===== Material supplied

(* If $(A,W)$ is a Pratt comonoid such that $W$ is closed under complementation in $A$, then $W$ is closed under forming arbitrary unions, and also under forming arbitrary intersections.
   Context: A Pratt comonoid is a pair $(A,W)$ where $A$ is a set and $W$ is a set of subsets of $A$ such that (i) $\emptyset\in W$ and $A\in W$; (ii) whenever $C\subseteq A\times A$ is such that for every $a\in A$ both the $a$-th row $\{b\mid (a,b)\in C\}$ and the $a$-th column $\{b\mid (b,a)\in C\}$ belong to $W$ (a crossword over $W$), the diagonal $\{b\mid (b,b)\in C\}$ also belongs to $W$. *)

theory Defs
  imports Main
begin

definition crossword :: "'a set \<Rightarrow> 'a set set \<Rightarrow> ('a \<times> 'a) set \<Rightarrow> bool" where
  "crossword A W C \<longleftrightarrow> C \<subseteq> A \<times> A \<and>
     (\<forall>a\<in>A. {b. (a, b) \<in> C} \<in> W \<and> {b. (b, a) \<in> C} \<in> W)"

definition pratt_comonoid :: "'a set \<Rightarrow> 'a set set \<Rightarrow> bool" where
  "pratt_comonoid A W \<longleftrightarrow> W \<subseteq> Pow A \<and> {} \<in> W \<and> A \<in> W \<and>
     (\<forall>C. crossword A W C \<longrightarrow> {b. (b, b) \<in> C} \<in> W)"

end

theory Submission
  imports Defs
begin

text \<open>Crosswords of the form \<open>P \<times> Q\<close> and \<open>\<Union>X\<in>G. X \<times> X\<close> show that \<open>W\<close> is closed under
  binary intersections and under unions of pairwise disjoint families. Together with
  complements this gives differences, and an arbitrary family is then reduced to a disjoint
  one by well-ordering it and replacing each member by its part not covered by its
  predecessors; the union of the predecessors lies in \<open>W\<close> by well-founded induction.
  Intersections follow by De Morgan.\<close>

definition disjointed_wrt :: "('a set \<times> 'a set) set \<Rightarrow> 'a set \<Rightarrow> 'a set" where
  "disjointed_wrt s X = X - \<Union>{Y. (Y, X) \<in> s}"

lemma Union_disjointed_wrt:
  assumes "wf s" and downward_closed: "\<And>Y Z. Y \<in> H \<Longrightarrow> (Z, Y) \<in> s \<Longrightarrow> Z \<in> H"
  shows "\<Union>(disjointed_wrt s ` H) = \<Union>H"
proof
  show "\<Union>(disjointed_wrt s ` H) \<subseteq> \<Union>H"
    unfolding disjointed_wrt_def by blast
  show "\<Union>H \<subseteq> \<Union>(disjointed_wrt s ` H)"
  proof
    fix a assume "a \<in> \<Union>H"
    then obtain Y where "Y \<in> {Y \<in> H. a \<in> Y}" by blast
    from wfE_min[OF \<open>wf s\<close> this] obtain Z where Z: "Z \<in> {Y \<in> H. a \<in> Y}"
      and minimal: "\<And>Y. (Y, Z) \<in> s \<Longrightarrow> Y \<notin> {Y \<in> H. a \<in> Y}"
      by blast
    have "a \<in> disjointed_wrt s Z"
      unfolding disjointed_wrt_def using Z minimal downward_closed by blast
    then show "a \<in> \<Union>(disjointed_wrt s ` H)" using Z by blast
  qed
qed

lemma pairwise_disjnt_disjointed_wrt:
  assumes "\<And>X Y. X \<in> H \<Longrightarrow> Y \<in> H \<Longrightarrow> X \<noteq> Y \<Longrightarrow> (X, Y) \<in> s \<or> (Y, X) \<in> s"
  shows "pairwise disjnt (disjointed_wrt s ` H)"
proof (rule pairwiseI)
  fix P Q assume "P \<in> disjointed_wrt s ` H" "Q \<in> disjointed_wrt s ` H" "P \<noteq> Q"
  then obtain X Y where "X \<in> H" "Y \<in> H" "X \<noteq> Y" "P = disjointed_wrt s X" "Q = disjointed_wrt s Y"
    by blast
  with assms show "disjnt P Q" unfolding disjnt_def disjointed_wrt_def by blast
qed

lemma Union_mem_if_closed_Diff_disjoint_Union:
  assumes Diff: "\<And>P Q. P \<in> W \<Longrightarrow> Q \<in> W \<Longrightarrow> P - Q \<in> W"
    and disjoint_Union: "\<And>G. G \<subseteq> W \<Longrightarrow> pairwise disjnt G \<Longrightarrow> \<Union>G \<in> W"
    and "F \<subseteq> W"
  shows "\<Union>F \<in> W"
proof -
  obtain r where r: "well_order_on F r" using well_order_on by blast
  define s where "s = r - Id"
  have "wf s" using r unfolding s_def well_order_on_def by blast
  have "trans s" using r unfolding s_def order_on_defs by (simp add: trans_diff_Id)
  have s_F: "s \<subseteq> F \<times> F" using r unfolding s_def order_on_defs by blast
  have total: "\<And>X Y. X \<in> F \<Longrightarrow> Y \<in> F \<Longrightarrow> X \<noteq> Y \<Longrightarrow> (X, Y) \<in> s \<or> (Y, X) \<in> s"
    using r unfolding s_def order_on_defs total_on_def by blast
  have Union_disjointed_mem:
    "\<Union>(disjointed_wrt s ` H) \<in> W" if "H \<subseteq> F" "\<And>X. X \<in> H \<Longrightarrow> \<Union>{Y. (Y, X) \<in> s} \<in> W" for H
  proof (rule disjoint_Union)
    show "disjointed_wrt s ` H \<subseteq> W"
      using that \<open>F \<subseteq> W\<close> Diff unfolding disjointed_wrt_def by blast
    show "pairwise disjnt (disjointed_wrt s ` H)"
      using total that(1) by (intro pairwise_disjnt_disjointed_wrt) blast
  qed
  have predecessors_mem: "\<Union>{Y. (Y, X) \<in> s} \<in> W" for X
  proof (induction X rule: wf_induct_rule[OF \<open>wf s\<close>])
    case (1 X)
    let ?H = "{Y. (Y, X) \<in> s}"
    have "\<Union>(disjointed_wrt s ` ?H) = \<Union>?H"
      using \<open>trans s\<close> by (intro Union_disjointed_wrt[OF \<open>wf s\<close>]) (auto dest: transD)
    moreover have "\<Union>(disjointed_wrt s ` ?H) \<in> W"
      using s_F 1 by (intro Union_disjointed_mem) auto
    ultimately show ?case by simp
  qed
  have "\<Union>(disjointed_wrt s ` F) = \<Union>F"
    using s_F by (intro Union_disjointed_wrt[OF \<open>wf s\<close>]) auto
  moreover have "\<Union>(disjointed_wrt s ` F) \<in> W"
    using predecessors_mem by (intro Union_disjointed_mem) auto
  ultimately show ?thesis by simp
qed

lemma pratt_comonoid_subset: "pratt_comonoid A W \<Longrightarrow> X \<in> W \<Longrightarrow> X \<subseteq> A"
  unfolding pratt_comonoid_def by blast

lemma pratt_comonoid_empty: "pratt_comonoid A W \<Longrightarrow> {} \<in> W"
  unfolding pratt_comonoid_def by blast

lemma pratt_comonoid_diagonal:
  "pratt_comonoid A W \<Longrightarrow> crossword A W C \<Longrightarrow> {b. (b, b) \<in> C} \<in> W"
  unfolding pratt_comonoid_def by blast

lemma pratt_comonoid_Int:
  assumes pc: "pratt_comonoid A W" and "P \<in> W" "Q \<in> W"
  shows "P \<inter> Q \<in> W"
proof -
  have "crossword A W (P \<times> Q)"
    unfolding crossword_def
  proof (intro conjI ballI)
    show "P \<times> Q \<subseteq> A \<times> A" using assms pratt_comonoid_subset by blast
  next
    fix a
    have "{b. (a, b) \<in> P \<times> Q} = (if a \<in> P then Q else {})"
      and "{b. (b, a) \<in> P \<times> Q} = (if a \<in> Q then P else {})" by auto
    then show "{b. (a, b) \<in> P \<times> Q} \<in> W" "{b. (b, a) \<in> P \<times> Q} \<in> W"
      using assms pratt_comonoid_empty[OF pc] by simp_all
  qed
  moreover have "{b. (b, b) \<in> P \<times> Q} = P \<inter> Q" by auto
  ultimately show ?thesis using pratt_comonoid_diagonal[OF pc] by metis
qed

lemma pratt_comonoid_disjoint_Union:
  assumes pc: "pratt_comonoid A W" and "G \<subseteq> W" and disjoint: "pairwise disjnt G"
  shows "\<Union>G \<in> W"
proof -
  define C where "C = (\<Union>X\<in>G. X \<times> X)"
  have row: "{b. (a, b) \<in> C} \<in> W" for a
  proof (cases "\<exists>X\<in>G. a \<in> X")
    case True
    then obtain X where X: "X \<in> G" "a \<in> X" by blast
    have "{b. (a, b) \<in> C} = X"
      unfolding C_def using X disjoint by (auto simp: pairwise_def disjnt_def)
    then show ?thesis using X \<open>G \<subseteq> W\<close> by auto
  next
    case False
    then have "{b. (a, b) \<in> C} = {}" unfolding C_def by blast
    then show ?thesis using pratt_comonoid_empty[OF pc] by simp
  qed
  have "{b. (b, a) \<in> C} = {b. (a, b) \<in> C}" for a unfolding C_def by blast
  moreover have "C \<subseteq> A \<times> A"
    unfolding C_def using \<open>G \<subseteq> W\<close> pratt_comonoid_subset[OF pc] by blast
  ultimately have "crossword A W C" unfolding crossword_def using row by simp
  moreover have "{b. (b, b) \<in> C} = \<Union>G" unfolding C_def by blast
  ultimately show ?thesis using pratt_comonoid_diagonal[OF pc] by metis
qed

lemma pratt_comonoid_Diff:
  assumes pc: "pratt_comonoid A W" and compl: "\<forall>X\<in>W. A - X \<in> W"
    and "P \<in> W" "Q \<in> W"
  shows "P - Q \<in> W"
proof -
  have "P - Q = P \<inter> (A - Q)" using pratt_comonoid_subset[OF pc \<open>P \<in> W\<close>] by blast
  then show ?thesis using pratt_comonoid_Int[OF pc] compl assms(3,4) by simp
qed

theorem corollary4p3:
  fixes A :: "'a set" and W :: "'a set set"
  assumes "pratt_comonoid A W"
    and "\<forall>X\<in>W. A - X \<in> W"
  shows "(\<forall>F. F \<subseteq> W \<longrightarrow> \<Union>F \<in> W) \<and> (\<forall>F. F \<subseteq> W \<longrightarrow> A \<inter> \<Inter>F \<in> W)"
proof -
  have Union: "\<Union>F \<in> W" if "F \<subseteq> W" for F
    using pratt_comonoid_Diff[OF assms] pratt_comonoid_disjoint_Union[OF assms(1)] that
    by (rule Union_mem_if_closed_Diff_disjoint_Union)
  have "A \<inter> \<Inter>F \<in> W" if "F \<subseteq> W" for F
  proof -
    have "A - \<Union>((-) A ` F) \<in> W" using Union[of "(-) A ` F"] that assms(2) by blast
    moreover have "A - \<Union>((-) A ` F) = A \<inter> \<Inter>F" by blast
    ultimately show ?thesis by simp
  qed
  with Union show ?thesis by blast
qed

end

==========

* _Your objective_
Go through the lines above. Select every one that has the string "thesis".

* _Written response_
  ultimately show ?thesis by simp
  ultimately show ?thesis using pratt_comonoid_diagonal[OF pc] by metis
    then show ?thesis using X \<open>G \<subseteq> W\<close> by auto
    then show ?thesis using pratt_comonoid_empty[OF pc] by simp
  ultimately show ?thesis using pratt_comonoid_diagonal[OF pc] by metis
  then show ?thesis using pratt_comonoid_Int[OF pc] compl assms(3,4) by simp
    ultimately show ?thesis by simp
  with Union show ?thesis by blast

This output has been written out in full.